Олег Константинович видел, что цель достигнута. Уж больно яркую блесну он забросил президенту. Чрезвычайно выгодное предложение «на сейчас» и перспектива стать первым несменяемым президентом САСШ. Чего уж больше. Дальше пусть разбираются дипломаты. А научно-стратегическую проработку проекта поручим «пересветам» под общим руководством Чекменёва, если ему в России тесно стало.
Тут же и кодовое наименование запущенной операции в голову Императора пришло — «Мальтийский крест». Олег Константинович любил всяческую конспирологию, и придумывание хитрых названий своим планам было одной из самых невинных его забав.
Тут в двух, никому ничего не говорящих словах содержался намёк и на предстоящую роль генштабистов, в Москве сидящих, и по всему миру разведывательно-дипломатическую службу исполняющих, чьей эмблемой этот самый эмалевый Мальтийский крест является.
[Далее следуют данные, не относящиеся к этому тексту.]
lemma log_concave_density_midpoint_ge:
  assumes lc: "log_concave_density \<rho>"
  shows "sqrt (\<rho> y) * min (\<rho> w) 1 \<le> \<rho> ((1/2) *\<^sub>R y + (1/2) *\<^sub>R w)"
proof (cases "0 < \<rho> y \<and> 0 < \<rho> w")
  case False
  then have "sqrt (\<rho> y) * min (\<rho> w) 1 = 0"
    using log_concave_density_nonneg[OF lc, of y] log_concave_density_nonneg[OF lc, of w]
    by (auto simp: min_def)
  then show ?thesis
    by (simp only:) (rule log_concave_density_nonneg[OF lc])
next
  case True
  have "min (\<rho> w) 1 \<le> sqrt (\<rho> w)"
    using True by (cases "\<rho> w \<le> 1") (auto intro: real_le_rsqrt simp: power2_eq_square mult_left_le)
  then have "sqrt (\<rho> y) * min (\<rho> w) 1 \<le> \<rho> y powr (1 - 1/2) * \<rho> w powr (1/2)"
    using True by (simp add: powr_half_sqrt mult_left_mono)
  also have "\<dots> \<le> \<rho> ((1/2) *\<^sub>R y + (1/2) *\<^sub>R w)"
    using log_concave_density_powr_le[OF lc, of y w "1/2"] True by simp
  finally show ?thesis .
qed

lemma log_concave_density_bdd_above:
  fixes \<rho> :: "'a::euclidean_space \<Rightarrow> real"
  assumes lc: "log_concave_density \<rho>" and int: "integrable lborel \<rho>"
    and pos: "0 < integral\<^sup>L lborel \<rho>"
  shows "bdd_above (range \<rho>)"
proof -
  note nn = log_concave_density_nonneg[OF lc]
  note [measurable] = log_concave_density_measurable[OF lc]
  define m where "m = (\<lambda>x. min (\<rho> x) 1)"
  have int_m: "integrable lborel m"
    unfolding m_def by (rule Bochner_Integration.integrable_bound[OF int]) (auto simp: nn)
  have m_nonneg: "0 \<le> m x" for x
    using nn by (simp add: m_def)
  define c where "c = integral\<^sup>L lborel m"
  have "c \<noteq> 0"
  proof
    assume "c = 0"
    then have "AE x in lborel. m x = 0"
      using integral_nonneg_eq_0_iff_AE[OF int_m] m_nonneg c_def by auto
    then have "AE x in lborel. \<rho> x = 0"
      by eventually_elim (use nn in \<open>auto simp: m_def min_def split: if_splits\<close>)
    then show False
      using pos integral_cong_AE[of \<rho> lborel "\<lambda>_. 0"] by auto
  qed
  moreover have "0 \<le> c"
    unfolding c_def by (rule integral_nonneg_AE) (simp add: m_nonneg)
  ultimately have c_pos: "0 < c"
    by simp
  have "\<rho> y \<le> (2 ^ DIM('a) * integral\<^sup>L lborel \<rho> / c)\<^sup>2" for y
  proof -
    have "(1/2) ^ DIM('a) * integral\<^sup>L lborel (\<lambda>w. sqrt (\<rho> y) * m w) \<le> integral\<^sup>L lborel \<rho>"
    proof (rule integral_le_rescaled[where t="(1/2) *\<^sub>R y"])
      show "sqrt (\<rho> y) * m w \<le> \<rho> ((1/2) *\<^sub>R y + (1/2) *\<^sub>R w)" for w
        using log_concave_density_midpoint_ge[OF lc] unfolding m_def .
    qed (use int int_m m_nonneg nn in auto)
    then have "sqrt (\<rho> y) \<le> 2 ^ DIM('a) * integral\<^sup>L lborel \<rho> / c"
      using c_pos by (simp add: c_def field_simps power_divide)
    then have "(sqrt (\<rho> y))\<^sup>2 \<le> (2 ^ DIM('a) * integral\<^sup>L lborel \<rho> / c)\<^sup>2"
      using nn[of y] by (intro power_mono) auto
    then show ?thesis
      using nn[of y] by simp
  qed
  then show ?thesis
    by (intro bdd_aboveI) auto
qed

lemma log_concave_density_ge_scaled:
  assumes lc: "log_concave_density \<rho>" and le_m: "\<And>y. \<rho> y \<le> m"
    and c: "0 < c" and x: "c * m \<le> \<rho> x" and l: "0 \<le> l" "l < 1"
  shows "c powr (1 - l) * \<rho> y \<le> \<rho> ((1 - l) *\<^sub>R x + l *\<^sub>R y)"
proof (cases "0 < \<rho> y")
  case False
  then have "\<rho> y = 0"
    using log_concave_density_nonneg[OF lc, of y] by simp
  then show ?thesis
    using log_concave_density_nonneg[OF lc] by simp
next
  case True
  then have m_pos: "0 < m"
    using le_m[of y] by linarith
  have x_pos: "0 < \<rho> x"
    using mult_pos_pos[OF c m_pos] x by linarith
  have "c powr (1 - l) * \<rho> y = (c * m) powr (1 - l) * (\<rho> y * m powr (l - 1))"
    using m_pos c by (simp add: powr_mult field_simps powr_add[symmetric])
  also have "\<dots> \<le> \<rho> x powr (1 - l) * (\<rho> y * \<rho> y powr (l - 1))"
    using x le_m[of y] True l c m_pos
    by (intro mult_mono mult_left_mono powr_mono2 powr_mono2') auto
  also have "\<dots> = \<rho> x powr (1 - l) * \<rho> y powr l"
    using True by (simp add: powr_add[symmetric] powr_mult_base)
  also have "\<dots> \<le> \<rho> ((1 - l) *\<^sub>R x + l *\<^sub>R y)"
    using log_concave_density_powr_le[OF lc x_pos True] l by simp
  finally show ?thesis .
qed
На собственную роль, как наследника и продолжателя дел Императора Павла, планировавшего устроить совсем другую конфигурацию европейской политики, своевременно устранив Наполеона. Кто знает, что бы у него получилось, но интересные шансы имелись. Самое главное — Олег Константинович подразумевал себя прямым наследником последнего Гроссмейстера ордена Мальтийских рыцарей, и, естественно — законным властителем Мальты с её стратегическим положением. То есть — при подходящей возможности заняв остров, всегда можно выложить на стол кипу бумаг (было бы перед кем выкладывать!), после чего сотню- другую лет ждать решения какого-нибудь международного суда, на всякий случай созданного из представителей или, Эквадора и Республики Кокосовых островов под председательством Специального прокурора из Монголии.
— Ещё немного поговорили теперь на совсем общие, не имеющие отношения к высокой дипломатии темы. Как два близких по возрасту и интересам мужчины, оказавшиеся в домике, обдуваемом арктическим ветром и поливаемом дождевыми зарядами. С бутылкой виски на столе между ними. Примерно как персонажи рассказа О'Генри «Справочник Гименея». Один — о рубаях Хайяма, другой — о «Херкимеровом справочнике необходимых знаний».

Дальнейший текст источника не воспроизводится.